Matthew Modine, a lead actor in Full Metal Jacket, calls Vitali the Igor to Kubrick’s Frankenstein. But Vitali was also crucial to the Frankenstein work of creating characters, and casting actors who could bring them to life. It was Vitali who found Danny Lloyd, the juvenile lead in The Shining. It was also Vitali who, leafing through photographs of potential child actors for the role of a young female ghost, happened upon a shot of a pair of girl twins. The twins reminded him of Diane Arbus’ photography, and that impelled him to suggest to Kubrick that the female ghost should be doubled. The Shining could not have worked without the right Danny: through Kubrick’s innovative use of the Steadicam, we see the Overlook Hotel through his eyes. And the girl twins are the film’s most striking image of Danny’s experiences at the hotel.
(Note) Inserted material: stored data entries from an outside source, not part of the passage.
(* Let $\mu$ be a Borel probability measure on $\mathbb{R}$ with $m_1(\mu)=0$, $m_2(\mu)=1$ and $m_4(\mu)<\infty$. Then $$L(\mu,\mathbf{b})\le \frac72\sqrt[3]{m_4(\mu)-1}.$$
   Context: $m_k(\mu)=\int x^k\,d\mu(x)$. $\mathbf{b}=\frac12\delta_{-1}+\frac12\delta_1$. The Lévy distance between probability measures with distribution functions $F,G$ is $L=\inf\{\epsilon>0: F(x-\epsilon)-\epsilon\le G(x)\le F(x+\epsilon)+\epsilon\ \forall x\in\mathbb{R}\}$. *)

theory Defs
  imports "HOL-Probability.Probability"
begin

definition cdf_of :: "real measure \<Rightarrow> real \<Rightarrow> real" where
  "cdf_of M x = measure M {..x}"

definition levy_dist :: "real measure \<Rightarrow> real measure \<Rightarrow> real" where
  "levy_dist M N = Inf {\<epsilon>. \<epsilon> > 0 \<and> (\<forall>x. cdf_of M (x - \<epsilon>) - \<epsilon> \<le> cdf_of N x
                                   \<and> cdf_of N x \<le> cdf_of M (x + \<epsilon>) + \<epsilon>)}"

definition bern_sym :: "real measure" where
  "bern_sym = measure_pmf (pmf_of_set {-1, 1})"

definition moment :: "real measure \<Rightarrow> nat \<Rightarrow> real" where
  "moment M k = (\<integral>x. x ^ k \<partial>M)"

end

theory Submission
  imports Defs
begin

text \<open>
  Write \<open>\<delta> = m\<^sub>4 - 1\<close>, the integral of \<open>(x\<^sup>2 - 1)\<^sup>2\<close>. For \<open>0 < \<epsilon> \<le> 1\<close> the indicators
  of \<open>(-\<infinity>, \<plusminus>1 \<plusminus> \<epsilon>]\<close> are squeezed between polynomials \<open>\<alpha> + \<beta> x + K (x\<^sup>2 - 1)\<^sup>2\<close> with
  \<open>K = 1/(4\<epsilon>) + 1/\<epsilon>\<^sup>2\<close>, whose integrals are \<open>\<alpha> + K \<delta>\<close> because the mean vanishes.
  This pins the distribution function of \<open>\<mu>\<close> near \<open>\<plusminus>1\<close> to within \<open>\<epsilon>/4 + K \<delta>\<close> of the
  step function of \<open>\<^bold>b\<close>, and \<open>K \<delta> \<le> 3\<epsilon>/4\<close> as soon as \<open>\<epsilon> > 7/2 \<delta>\<^bsup>1/3\<^esup>\<close>.
\<close>

lemma cdf_of_eq_cdf: "cdf_of = cdf"
  by (simp add: fun_eq_iff cdf_of_def cdf_def)

lemma cdf_bern_sym:
  "cdf_of bern_sym x = (if x < -1 then 0 else if x < 1 then 1/2 else 1)"
proof -
  have "cdf_of bern_sym x = card ({-1, 1::real} \<inter> {..x}) / card {-1, 1::real}"
    unfolding cdf_of_def bern_sym_def by (rule measure_pmf_of_set) auto
  moreover have "{-1, 1::real} \<inter> {..x} = (if x < -1 then {} else if x < 1 then {-1} else {-1, 1})"
    by auto
  ultimately show ?thesis
    by auto
qed

definition levy_within :: "real measure \<Rightarrow> real measure \<Rightarrow> real \<Rightarrow> bool" where
  "levy_within M N \<epsilon> \<longleftrightarrow>
     (\<forall>x. cdf_of M (x - \<epsilon>) - \<epsilon> \<le> cdf_of N x \<and> cdf_of N x \<le> cdf_of M (x + \<epsilon>) + \<epsilon>)"

lemma levy_dist_le:
  assumes "0 \<le> c" and "\<And>\<epsilon>. c < \<epsilon> \<Longrightarrow> levy_within M N \<epsilon>"
  shows "levy_dist M N \<le> c"
proof -
  have "Inf {\<epsilon>. 0 < \<epsilon> \<and> levy_within M N \<epsilon>} \<le> Inf {c<..}"
    using assms by (intro cInf_superset_mono) (auto intro: bdd_belowI[of _ 0])
  then show ?thesis
    by (simp add: levy_dist_def levy_within_def)
qed

lemma levy_within_of_ge_1:
  assumes "prob_space M" "prob_space N" "1 \<le> \<epsilon>"
  shows "levy_within M N \<epsilon>"
  using assms prob_space.prob_le_1[of M] prob_space.prob_le_1[of N]
  by (smt (verit) cdf_of_def levy_within_def measure_nonneg)

lemma half_abs_le_arith_mean:
  fixes e y :: real
  assumes "0 < e"
  shows "\<bar>y\<bar> / 2 \<le> e / 4 + y\<^sup>2 / (4 * e)"
proof -
  have "2 * e * \<bar>y\<bar> \<le> e\<^sup>2 + y\<^sup>2"
    using sum_squares_ge_zero[of "\<bar>y\<bar> - e" 0] by (simp add: power2_eq_square algebra_simps)
  then show ?thesis
    using assms by (simp add: field_simps power2_eq_square)
qed

lemma quartic_weight_ge_1:
  fixes e x :: real
  assumes "0 < e" and "1 + e \<le> \<bar>x\<bar>"
  shows "1 \<le> (1 / (4 * e) + 1 / e\<^sup>2) * (x\<^sup>2 - 1)\<^sup>2"
proof -
  have "(1 + e)\<^sup>2 \<le> x\<^sup>2"
    using assms power_mono[of "1 + e" "\<bar>x\<bar>" 2] by simp
  moreover have "(1 + e)\<^sup>2 = 1 + 2 * e + e\<^sup>2"
    by (simp add: power2_sum)
  ultimately have "2 * e \<le> x\<^sup>2 - 1"
    using zero_le_power2[of e] by linarith
  then have "e\<^sup>2 \<le> (x\<^sup>2 - 1)\<^sup>2"
    using assms power_mono[of e "x\<^sup>2 - 1" 2] by simp
  then have "1 \<le> (x\<^sup>2 - 1)\<^sup>2 / e\<^sup>2"
    using assms by simp
  moreover have "0 \<le> (x\<^sup>2 - 1)\<^sup>2 / (4 * e)"
    using assms by simp
  ultimately show ?thesis
    by (simp add: distrib_right)
qed

lemma indicator_le_minus_one_minus:
  fixes e x :: real
  assumes "0 < e"
  shows "indicator {..-1-e} x \<le> (1 / (4 * e) + 1 / e\<^sup>2) * (x\<^sup>2 - 1)\<^sup>2"
proof (cases "x \<le> -1-e")
  case True
  then have "1 + e \<le> \<bar>x\<bar>"
    by linarith
  with True show ?thesis
    using quartic_weight_ge_1[OF assms] by simp
next
  case False
  then show ?thesis
    using assms by simp
qed

lemma indicator_one_plus_ge:
  fixes e x :: real
  assumes "0 < e"
  shows "1 - (1 / (4 * e) + 1 / e\<^sup>2) * (x\<^sup>2 - 1)\<^sup>2 \<le> indicator {..1+e} x"
proof (cases "x \<le> 1+e")
  case True
  then show ?thesis
    using assms by simp
next
  case False
  then have "1 + e \<le> \<bar>x\<bar>"
    by linarith
  with False show ?thesis
    using quartic_weight_ge_1[OF assms] by simp
qed

lemma indicator_le_one_minus:
  fixes e x :: real
  assumes e: "0 < e" "e \<le> 1"
  shows "indicator {..1-e} x \<le> (1 - x) / 2 + e / 4 + (1 / (4 * e) + 1 / e\<^sup>2) * (x\<^sup>2 - 1)\<^sup>2"
proof -
  define q where "q = (x\<^sup>2 - 1)\<^sup>2"
  have amgm: "\<bar>x\<^sup>2 - 1\<bar> / 2 \<le> e / 4 + q / (4 * e)"
    unfolding q_def using e(1) by (rule half_abs_le_arith_mean)
  have split: "(1 / (4 * e) + 1 / e\<^sup>2) * q = q / (4 * e) + q / e\<^sup>2"
    by (simp add: algebra_simps)
  have "0 \<le> q / (4 * e)" "0 \<le> q / e\<^sup>2"
    using e unfolding q_def by simp_all
  consider "x \<le> 0" | "0 < x" "x \<le> 1 - e" | "1 - e < x"
    by linarith
  then have "indicator {..1-e} x \<le> (1 - x) / 2 + e / 4 + q / (4 * e) + q / e\<^sup>2"
  proof cases
    case 1
    have "x + 1 \<le> \<bar>x + 1\<bar> * \<bar>x - 1\<bar>"
      using 1 by (smt (verit) mult_le_cancel_left1 abs_ge_zero)
    also have "\<dots> = \<bar>x\<^sup>2 - 1\<bar>"
      by (simp add: abs_mult[symmetric] power2_eq_square algebra_simps)
    finally have "x + 1 \<le> \<bar>x\<^sup>2 - 1\<bar>" .
    moreover have "indicator {..1-e} x = (1::real)"
      using 1 e by simp
    ultimately show ?thesis
      using amgm \<open>0 \<le> q / e\<^sup>2\<close> by argo
  next
    case 2
    then have "x\<^sup>2 \<le> x"
      using e by (simp add: power2_eq_square mult_left_le_one_le)
    with 2 have "e\<^sup>2 \<le> (1 - x\<^sup>2)\<^sup>2"
      using e power_mono[of e "1 - x\<^sup>2" 2] by simp
    then have "1 \<le> q / e\<^sup>2"
      using e unfolding q_def by (simp add: power2_commute)
    moreover have "indicator {..1-e} x = (1::real)"
      using 2 by simp
    ultimately show ?thesis
      using 2 e \<open>0 \<le> q / (4 * e)\<close> by argo
  next
    case 3
    have "x - 1 \<le> \<bar>x - 1\<bar> * \<bar>x + 1\<bar>"
      using 3 e by (smt (verit) mult_le_cancel_left1 abs_ge_zero)
    also have "\<dots> = \<bar>x\<^sup>2 - 1\<bar>"
      by (simp add: abs_mult[symmetric] power2_eq_square algebra_simps)
    finally have "x - 1 \<le> \<bar>x\<^sup>2 - 1\<bar>" .
    moreover have "indicator {..1-e} x = (0::real)"
      using 3 by simp
    ultimately show ?thesis
      using amgm \<open>0 \<le> q / e\<^sup>2\<close> by argo
  qed
  then show ?thesis
    unfolding split[unfolded q_def] q_def by linarith
qed
lemma measurable_sum_count_space:
  fixes f :: "'i \<Rightarrow> 'a \<Rightarrow> 'b::{countable, comm_monoid_add}"
  assumes "finite I" "\<And>i. i \<in> I \<Longrightarrow> f i \<in> M \<rightarrow>\<^sub>M count_space UNIV"
  shows "(\<lambda>x. \<Sum>i\<in>I. f i x) \<in> M \<rightarrow>\<^sub>M count_space UNIV"
  using assms
proof (induction I rule: finite_induct)
  case (insert j I)
  have "(\<lambda>x. f j x + k) \<in> M \<rightarrow>\<^sub>M count_space UNIV" for k
    using measurable_compose[OF insert.prems[of j] measurable_count_space, of "\<lambda>y. y + k"] by simp
  moreover have "(\<lambda>x. \<Sum>i\<in>I. f i x) \<in> M \<rightarrow>\<^sub>M count_space UNIV"
    using insert.IH insert.prems by blast
  ultimately have "(\<lambda>x. f j x + (\<Sum>i\<in>I. f i x)) \<in> M \<rightarrow>\<^sub>M count_space UNIV"
    by (rule measurable_compose_countable[where f = "\<lambda>k x. f j x + k"])
  with insert.hyps show ?case by simp
qed simp

section \<open>Cocycles\<close>

lemma is_cocycle_cocycle: "is_cocycle M T U c \<Longrightarrow> is_cocycle M T U (cocycle M T U)"
  unfolding cocycle_def by (rule someI[of "is_cocycle M T U"])

lemma full_group_is_cocycle: "U \<in> full_group M T \<Longrightarrow> is_cocycle M T U (cocycle M T U)"
  unfolding full_group_def using is_cocycle_cocycle by blast
(* For each $\theta\in C_h$ there exist exactly two primitive Eisenstein triples, of the form $(a,b,c)$ and $(b-a,b,c)$, such that $$\cos\theta = \frac{|b-2a|}{2c} = \frac{|b-2(b-a)|}{2c}.$$ Conversely, for each primitive Eisenstein triple $(a,b,c)$ there exists a unique $\theta\in C_h$ (hence a unique similarity class $C_h(\theta)$) satisfying this equation.
   Context: $\Lambda_h = \begin{bmatrix} 1 & -1/2 \\ 0 & \sqrt3/2\end{bmatrix}\mathbb{Z}^2$. A full-rank lattice $\Gamma\subset\mathbb{R}^2$ is well-rounded (WR) if it has a basis of vectors of minimal nonzero norm; such a basis can be chosen with angle in $[\pi/3,\pi/2]$ between its vectors, and this angle $\theta(\Gamma)$ is an invariant of $\Gamma$. $\mathrm{WR}(\Lambda_h)$ is the set of full-rank WR sublattices of $\Lambda_h$; $C_h = \{\theta\in[\pi/3,\pi/2] : \theta=\theta(\Gamma)\text{ for some }\Gamma\in\mathrm{WR}(\Lambda_h)\}$ and $C_h(\theta)=\{\Omega\in\mathrm{WR}(\Lambda_h):\theta(\Omega)=\theta\}$. An Eisenstein triple is $(a,b,c)\in\mathbb{Z}^3_{\ge0}\setminus\{0\}$ with $a^2-ab+b^2=c^2$; it is primitive if $a\le b$ and $\gcd(a,b,c)=1$. *)

theory Defs
  imports "HOL-Analysis.Analysis"
begin

text \<open>We identify \<open>\<real>\<^sup>2\<close> with \<open>\<complex>\<close> (as a real inner product space:
  \<open>x \<bullet> y = Re (x * cnj y)\<close>).\<close>

definition omega_h :: complex where
  "omega_h = Complex (-1/2) (sqrt 3 / 2)"

definition Lambda_h :: "complex set" where
  "Lambda_h = {of_int m + of_int n * omega_h | m n :: int. True}"

definition lat_gen :: "complex \<Rightarrow> complex \<Rightarrow> complex set" where
  "lat_gen u v = {of_int m * u + of_int n * v | m n :: int. True}"

definition lin_indep2 :: "complex \<Rightarrow> complex \<Rightarrow> bool" where
  "lin_indep2 u v \<longleftrightarrow> (\<forall>r s :: real. r *\<^sub>R u + s *\<^sub>R v = 0 \<longrightarrow> r = 0 \<and> s = 0)"
(* There exist constants $\varepsilon>0$ and $C>0$ such that $\tilde g(n)\le C(2-\varepsilon)^n$ for all positive integers $n$.
   Context: $[n]_0=\{0,1,\dots,n\}$, $S_1+S_2=\{u+v:u\in S_1,v\in S_2\}$. $\tilde g(n)$ is the sum of $2^{-|(S_1+S_2)\cap[n]_0|}$ over all pairs $S_1,S_2\subseteq[n]_0$ such that $0\in S_1\cap S_2$, $n+1\notin S_1+S_2$, and $k\in S_1+S_2$ for every integer $k$ with $\frac{3n}{4}+1\le k\le\frac{15n}{16}$. *)

theory Defs
  imports Complex_Main
begin

definition sumset :: "nat set \<Rightarrow> nat set \<Rightarrow> nat set" where
  "sumset S1 S2 = {u + v | u v. u \<in> S1 \<and> v \<in> S2}"

definition admissible :: "nat \<Rightarrow> nat set \<Rightarrow> nat set \<Rightarrow> bool" where
  "admissible n S1 S2 \<longleftrightarrow>
     S1 \<subseteq> {0..n} \<and> S2 \<subseteq> {0..n} \<and> 0 \<in> S1 \<and> 0 \<in> S2 \<and>
     n + 1 \<notin> sumset S1 S2 \<and>
     (\<forall>k::nat. 3 * real n / 4 + 1 \<le> real k \<and> real k \<le> 15 * real n / 16 \<longrightarrow> k \<in> sumset S1 S2)"

definition g_tilde :: "nat \<Rightarrow> real" where
  "g_tilde n = (\<Sum>(S1, S2) \<in> {(S1, S2). admissible n S1 S2}.
                 (1/2) ^ card (sumset S1 S2 \<inter> {0..n}))"

end

theory Submission
  imports Defs "HOL-Library.FuncSet"
begin

(* Pair each i in {1..n div 2} with its mirror image n + 1 - i and record the profile
   (i \<in> S1, i \<in> S2, n+1-i \<in> S1, n+1-i \<in> S2).  Since n + 1 \<notin> S1 + S2, only 9 of the
   16 profiles occur; since 0 \<in> S1 \<inter> S2, each member of a pair lies in the sumset as soon as
   it lies in S1 \<union> S2.  Hence 2^-|(S1+S2) \<inter> [n]_0| is bounded by a product of weights, one per
   pair, and the sum over all pairs (S1, S2) factorises: a pair contributes at most 9/2, and
   at most 13/4 if its upper member is forced into the sumset, which happens for the roughly
   3n/16 values i with n/16 < i \<le> n/4.  So g~(n) = O((9/2)^(n/2) (13/18)^(3n/16)), and
   (9/2)^8 (13/18)^3 < 63400 < 2^16. *)

lemma add_mem_sumset: "u \<in> S1 \<Longrightarrow> v \<in> S2 \<Longrightarrow> u + v \<in> sumset S1 S2"
  unfolding sumset_def by blast

lemma subset_sumset_left: "0 \<in> S2 \<Longrightarrow> S1 \<subseteq> sumset S1 S2"
  using add_mem_sumset[of _ S1 0 S2] by auto

lemma subset_sumset_right: "0 \<in> S1 \<Longrightarrow> S2 \<subseteq> sumset S1 S2"
  using add_mem_sumset[of 0 S1 _ S2] by auto

definition pair_profile :: "nat \<Rightarrow> nat set \<Rightarrow> nat set \<Rightarrow> nat \<Rightarrow> bool \<times> bool \<times> bool \<times> bool" where
  "pair_profile n S1 S2 i = (i \<in> S1, i \<in> S2, n + 1 - i \<in> S1, n + 1 - i \<in> S2)"

definition compatible_profiles :: "(bool \<times> bool \<times> bool \<times> bool) set" where
  "compatible_profiles = {(a, b, c, d). \<not> (a \<and> d) \<and> \<not> (b \<and> c)}"

lemma pair_profile_compatible:
  assumes "n + 1 \<notin> sumset S1 S2" "i \<le> n + 1"
  shows "pair_profile n S1 S2 i \<in> compatible_profiles"
proof -
  have "i + (n + 1 - i) = n + 1" "(n + 1 - i) + i = n + 1"
    using assms(2) by simp_all
  then show ?thesis
    using assms(1) add_mem_sumset[of i S1 "n + 1 - i" S2] add_mem_sumset[of "n + 1 - i" S1 i S2]
    unfolding pair_profile_def compatible_profiles_def by auto
qed

(* Upper bound for the factor 2^-k contributed by the pair {i, n + 1 - i}, where k counts its
   members in the sumset; forced says that n + 1 - i is known to lie in it. *)
definition block_weight :: "bool \<Rightarrow> bool \<times> bool \<times> bool \<times> bool \<Rightarrow> real" where
  "block_weight forced p = (case p of (a, b, c, d) \<Rightarrow>
     (if a \<or> b then 1/2 else 1) * (if c \<or> d \<or> forced then 1/2 else 1))"

lemma block_weight_nonneg: "block_weight forced p \<ge> 0"
  unfolding block_weight_def by (auto split: prod.splits)

lemma sum_block_weight:
  "(\<Sum>p\<in>compatible_profiles. block_weight forced p) = (if forced then 13/4 else 9/2)"
proof -
  have enumeration: "compatible_profiles =
    {(False, False, False, False), (False, False, False, True), (False, False, True, False),
     (False, True, False, False), (False, True, False, True), (True, False, False, False),
     (True, False, True, False), (False, False, True, True), (True, True, False, False)}"
    (is "_ = ?enumeration")
  proof (rule set_eqI)
    fix p :: "bool \<times> bool \<times> bool \<times> bool"
    obtain a b c d where "p = (a, b, c, d)"
      by (cases p)
    then show "p \<in> compatible_profiles \<longleftrightarrow> p \<in> ?enumeration"
      unfolding compatible_profiles_def by (cases a; cases b; cases c; cases d) simp_all
  qed
  show ?thesis
    unfolding enumeration by (simp add: block_weight_def)
qed

lemma sum_prod_block_weight:
  assumes "finite P" "J \<subseteq> P"
  shows "(\<Sum>g\<in>PiE P (\<lambda>_. compatible_profiles). \<Prod>i\<in>P. block_weight (i \<in> J) (g i))
       = (13/4)^card J * (9/2)^(card P - card J)"
proof -
  have "(\<Sum>g\<in>PiE P (\<lambda>_. compatible_profiles). \<Prod>i\<in>P. block_weight (i \<in> J) (g i))
      = (\<Prod>i\<in>P. \<Sum>p\<in>compatible_profiles. block_weight (i \<in> J) p)"
    using assms(1) by (simp add: prod_sum_PiE)
  also have "\<dots> = (\<Prod>i\<in>P. if i \<in> J then 13/4 else 9/2)"
    by (simp add: sum_block_weight)
  also have "\<dots> = (13/4)^card J * (9/2)^(card (P - J))"
    using assms by (simp add: prod.If_cases Int_absorb1 Diff_eq[symmetric])
  finally show ?thesis
    using assms by (simp add: card_Diff_subset finite_subset)
qed

lemma prod_if_mem_eq_power:
  assumes "finite P" "L \<subseteq> P"
  shows "(\<Prod>i\<in>P. if i \<in> L then (c::real) else 1) = c ^ card L"
  using assms by (simp add: prod.If_cases Int_absorb1)

lemma half_power_card_sumset_le_prod_block_weight:
  assumes "0 \<in> S1" "0 \<in> S2" and forced: "\<forall>i\<in>J. n + 1 - i \<in> sumset S1 S2"
  shows "(1/2::real)^card (sumset S1 S2 \<inter> {0..n})
     \<le> (\<Prod>i\<in>{1..n div 2}. block_weight (i \<in> J) (pair_profile n S1 S2 i))"
proof -
  define P where "P = {1..n div 2}"
  define L where "L = {i\<in>P. i \<in> S1 \<or> i \<in> S2}"
  define U where "U = {i\<in>P. n + 1 - i \<in> S1 \<or> n + 1 - i \<in> S2 \<or> i \<in> J}"
  have "finite P" "L \<subseteq> P" "U \<subseteq> P"
    unfolding P_def L_def U_def by auto
  then have finite: "finite L" "finite U"
    by (auto intro: finite_subset)
  have "(\<Prod>i\<in>P. block_weight (i \<in> J) (pair_profile n S1 S2 i))
      = (\<Prod>i\<in>P. (if i \<in> L then 1/2 else 1) * (if i \<in> U then 1/2 else 1))"
    by (rule prod.cong) (auto simp: block_weight_def pair_profile_def L_def U_def)
  also have "\<dots> = (1/2)^card L * (1/2)^card U"
    using \<open>finite P\<close> \<open>L \<subseteq> P\<close> \<open>U \<subseteq> P\<close> by (simp add: prod.distrib prod_if_mem_eq_power)
  also have "card U = card (((-) (n + 1)) ` U)"
    by (rule card_image[symmetric]) (auto simp: inj_on_def U_def P_def)
  finally have prod_eq: "(\<Prod>i\<in>P. block_weight (i \<in> J) (pair_profile n S1 S2 i))
      = (1/2)^(card L + card (((-) (n + 1)) ` U))"
    by (simp add: power_add)
  have "L \<inter> ((-) (n + 1)) ` U = {}"
    unfolding L_def U_def P_def by auto
  then have "card L + card (((-) (n + 1)) ` U) = card (L \<union> ((-) (n + 1)) ` U)"
    using finite by (simp add: card_Un_disjoint)
  also have "\<dots> \<le> card (sumset S1 S2 \<inter> {0..n})"
  proof (rule card_mono)
    show "L \<union> ((-) (n + 1)) ` U \<subseteq> sumset S1 S2 \<inter> {0..n}"
      using subset_sumset_left[OF \<open>0 \<in> S2\<close>] subset_sumset_right[OF \<open>0 \<in> S1\<close>] forced
      unfolding L_def U_def P_def by auto
  qed simp
  finally show ?thesis
    unfolding P_def[symmetric] prod_eq by (rule power_decreasing) auto
qed

lemma mirror_pair_cases:
  fixes z n :: nat
  assumes "z \<le> n"
  obtains "z = 0" | "z \<in> {1..n div 2}" | "z = (n + 1) div 2" | "n + 1 - z \<in> {1..n div 2}"
proof -
  have "n = 2 * (n div 2) + n mod 2" "n mod 2 < 2"
    by simp_all
  then have "(n + 1) div 2 = n div 2 + n mod 2"
    by linarith
  then show ?thesis
    using that assms \<open>n = 2 * (n div 2) + n mod 2\<close> \<open>n mod 2 < 2\<close> unfolding atLeastAtMost_iff
    by linarith
qed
Vitali pulled off another coup with the casting of ex-Marine Lee Emery as the Drill Sergeant in Full Metal Jacket. Vitali and Emery worked up the Drill Sergeant’s foul stream of consciousness, noting memorable phrases from Emery’s time on the parade ground, fitting them into the rhythm of the Drill Sergeant’s speech, and then rehearsing it until the stream was an irresistible torrent. Again, the Drill Sergeant is one of the film’s most memorable characters.

Kubrick’s eye is cold in the way of intellectual art. His scenes are staged and shot like theatre scenes. The technical perfection and the attention to detail are often intrusive; sometimes, the props are more animate than the actors. Even the locations in his later films are contrivances on a back lot, rather than real settings. The height of the concept elevates his films, but there is also a thinness to the air at such elevations, an Olympian distance from the human material.

Watching Filmworker, I wondered if Vitali, like the telephone and fax machine in his mansion outside London, was his bridge to the world. Imagine The Shining without Danny and the twins, or Full Metal Jacket without Lee Emery’s drill sergeant, and you have a film without a heart. Vitali’s warmth, abundantly evident in Vierra’s documentary, brought emotional life to Kubrick’s otherwise cold and distant films.

Filmworker implies that Kubrick’s debt to Vitali runs deeper than that of the egotistical auteur to his assistants. Kubrick could not have attained Kubrick’s range without Vitali. And Vitali could never have attained the range of cinematic experience he desired, had it not been for Kubrick. Perhaps the Kubrick cultists have it the wrong way round. Instead of lionizing Kubrick the solitary, perfectionist bully, they should be applauding his ability to form and sustain a team.